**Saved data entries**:
__________________________________________________

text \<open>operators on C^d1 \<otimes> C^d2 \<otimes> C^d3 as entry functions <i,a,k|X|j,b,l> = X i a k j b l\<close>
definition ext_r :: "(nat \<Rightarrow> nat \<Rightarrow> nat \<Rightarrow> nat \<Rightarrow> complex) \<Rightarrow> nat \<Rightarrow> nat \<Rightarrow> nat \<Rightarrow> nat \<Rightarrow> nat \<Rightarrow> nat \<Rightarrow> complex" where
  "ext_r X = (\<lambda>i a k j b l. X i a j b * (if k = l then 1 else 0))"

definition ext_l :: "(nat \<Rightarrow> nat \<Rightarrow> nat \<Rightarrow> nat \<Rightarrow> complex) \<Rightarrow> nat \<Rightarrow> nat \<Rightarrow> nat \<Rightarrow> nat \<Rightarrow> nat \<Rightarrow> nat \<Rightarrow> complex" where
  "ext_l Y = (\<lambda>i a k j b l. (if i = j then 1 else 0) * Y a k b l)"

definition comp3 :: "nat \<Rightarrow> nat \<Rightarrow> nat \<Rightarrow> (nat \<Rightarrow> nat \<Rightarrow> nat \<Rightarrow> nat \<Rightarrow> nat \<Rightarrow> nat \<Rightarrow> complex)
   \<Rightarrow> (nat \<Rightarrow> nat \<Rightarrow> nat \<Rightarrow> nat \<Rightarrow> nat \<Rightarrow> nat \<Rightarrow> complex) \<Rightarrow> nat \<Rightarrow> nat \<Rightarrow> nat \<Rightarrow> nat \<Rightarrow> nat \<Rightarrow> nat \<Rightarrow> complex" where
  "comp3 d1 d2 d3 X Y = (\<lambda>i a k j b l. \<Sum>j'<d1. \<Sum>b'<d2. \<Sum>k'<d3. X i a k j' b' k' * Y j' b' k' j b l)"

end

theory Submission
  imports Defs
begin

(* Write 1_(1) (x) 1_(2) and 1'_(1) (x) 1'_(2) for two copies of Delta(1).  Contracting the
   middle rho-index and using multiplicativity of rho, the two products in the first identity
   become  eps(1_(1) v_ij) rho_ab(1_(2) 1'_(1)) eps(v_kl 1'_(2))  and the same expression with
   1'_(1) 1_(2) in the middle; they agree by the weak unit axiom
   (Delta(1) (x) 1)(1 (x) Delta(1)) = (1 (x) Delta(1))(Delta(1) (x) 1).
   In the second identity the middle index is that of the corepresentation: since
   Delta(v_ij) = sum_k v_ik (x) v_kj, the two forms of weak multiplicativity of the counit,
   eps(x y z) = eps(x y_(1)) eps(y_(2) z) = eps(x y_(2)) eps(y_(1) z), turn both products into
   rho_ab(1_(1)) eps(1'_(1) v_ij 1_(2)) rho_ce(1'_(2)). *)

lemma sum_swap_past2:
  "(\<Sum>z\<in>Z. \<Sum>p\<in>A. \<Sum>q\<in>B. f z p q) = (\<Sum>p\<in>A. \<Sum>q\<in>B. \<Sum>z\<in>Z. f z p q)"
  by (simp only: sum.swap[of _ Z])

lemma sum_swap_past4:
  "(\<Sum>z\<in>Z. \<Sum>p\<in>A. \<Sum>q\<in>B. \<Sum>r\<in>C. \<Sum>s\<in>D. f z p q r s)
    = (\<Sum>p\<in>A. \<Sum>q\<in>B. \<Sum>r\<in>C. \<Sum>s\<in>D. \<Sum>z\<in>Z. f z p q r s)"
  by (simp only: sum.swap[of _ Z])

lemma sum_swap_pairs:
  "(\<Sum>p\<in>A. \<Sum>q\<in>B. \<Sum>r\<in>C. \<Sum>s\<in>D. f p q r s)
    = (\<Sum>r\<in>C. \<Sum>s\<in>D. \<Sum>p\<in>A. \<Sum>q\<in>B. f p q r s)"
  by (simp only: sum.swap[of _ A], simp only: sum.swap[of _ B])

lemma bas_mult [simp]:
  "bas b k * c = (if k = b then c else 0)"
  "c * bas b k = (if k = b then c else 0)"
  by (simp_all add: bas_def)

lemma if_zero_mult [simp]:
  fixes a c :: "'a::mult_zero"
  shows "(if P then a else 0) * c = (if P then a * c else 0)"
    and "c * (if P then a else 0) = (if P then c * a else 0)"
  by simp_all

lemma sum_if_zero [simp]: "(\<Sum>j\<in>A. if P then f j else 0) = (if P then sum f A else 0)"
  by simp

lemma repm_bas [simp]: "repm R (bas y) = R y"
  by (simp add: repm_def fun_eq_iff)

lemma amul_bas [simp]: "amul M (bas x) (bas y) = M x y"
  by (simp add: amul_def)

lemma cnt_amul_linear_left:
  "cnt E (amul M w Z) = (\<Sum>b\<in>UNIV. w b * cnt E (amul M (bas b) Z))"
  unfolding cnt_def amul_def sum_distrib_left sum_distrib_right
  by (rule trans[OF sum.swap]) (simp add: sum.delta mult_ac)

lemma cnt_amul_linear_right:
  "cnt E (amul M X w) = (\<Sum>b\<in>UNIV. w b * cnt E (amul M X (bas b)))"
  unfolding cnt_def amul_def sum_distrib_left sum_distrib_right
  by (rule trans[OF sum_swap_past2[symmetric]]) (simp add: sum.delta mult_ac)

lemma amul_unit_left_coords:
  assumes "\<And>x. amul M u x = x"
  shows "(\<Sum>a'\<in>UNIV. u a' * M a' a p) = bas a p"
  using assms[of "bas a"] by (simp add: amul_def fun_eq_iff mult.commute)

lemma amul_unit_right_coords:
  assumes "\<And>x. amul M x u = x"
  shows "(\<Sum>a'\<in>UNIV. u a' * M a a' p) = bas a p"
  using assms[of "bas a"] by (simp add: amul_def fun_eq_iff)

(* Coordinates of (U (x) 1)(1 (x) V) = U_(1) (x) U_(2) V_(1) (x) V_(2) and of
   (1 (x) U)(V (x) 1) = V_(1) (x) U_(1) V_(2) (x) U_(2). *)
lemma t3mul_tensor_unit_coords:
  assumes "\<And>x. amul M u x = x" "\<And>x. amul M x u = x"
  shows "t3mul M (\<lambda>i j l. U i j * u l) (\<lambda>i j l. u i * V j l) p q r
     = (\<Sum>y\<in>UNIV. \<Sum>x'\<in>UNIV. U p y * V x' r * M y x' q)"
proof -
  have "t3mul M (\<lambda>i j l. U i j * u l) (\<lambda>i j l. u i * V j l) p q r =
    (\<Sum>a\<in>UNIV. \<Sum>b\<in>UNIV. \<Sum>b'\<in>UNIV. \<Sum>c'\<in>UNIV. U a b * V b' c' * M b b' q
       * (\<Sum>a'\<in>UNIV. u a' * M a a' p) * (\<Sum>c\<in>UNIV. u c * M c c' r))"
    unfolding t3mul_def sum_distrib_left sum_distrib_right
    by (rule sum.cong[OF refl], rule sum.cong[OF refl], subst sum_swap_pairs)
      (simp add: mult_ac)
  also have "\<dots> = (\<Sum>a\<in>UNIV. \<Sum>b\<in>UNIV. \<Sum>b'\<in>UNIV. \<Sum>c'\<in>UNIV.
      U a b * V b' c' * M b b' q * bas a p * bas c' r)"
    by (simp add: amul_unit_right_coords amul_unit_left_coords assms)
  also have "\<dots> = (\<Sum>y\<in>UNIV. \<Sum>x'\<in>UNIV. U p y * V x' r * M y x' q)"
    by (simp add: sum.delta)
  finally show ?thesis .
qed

__________________________________________________

**EXERCISE PROMPT**:
Output nothing but the number of lines in the data containing the string "middle".

**RESULT OF THIS TASK**:
3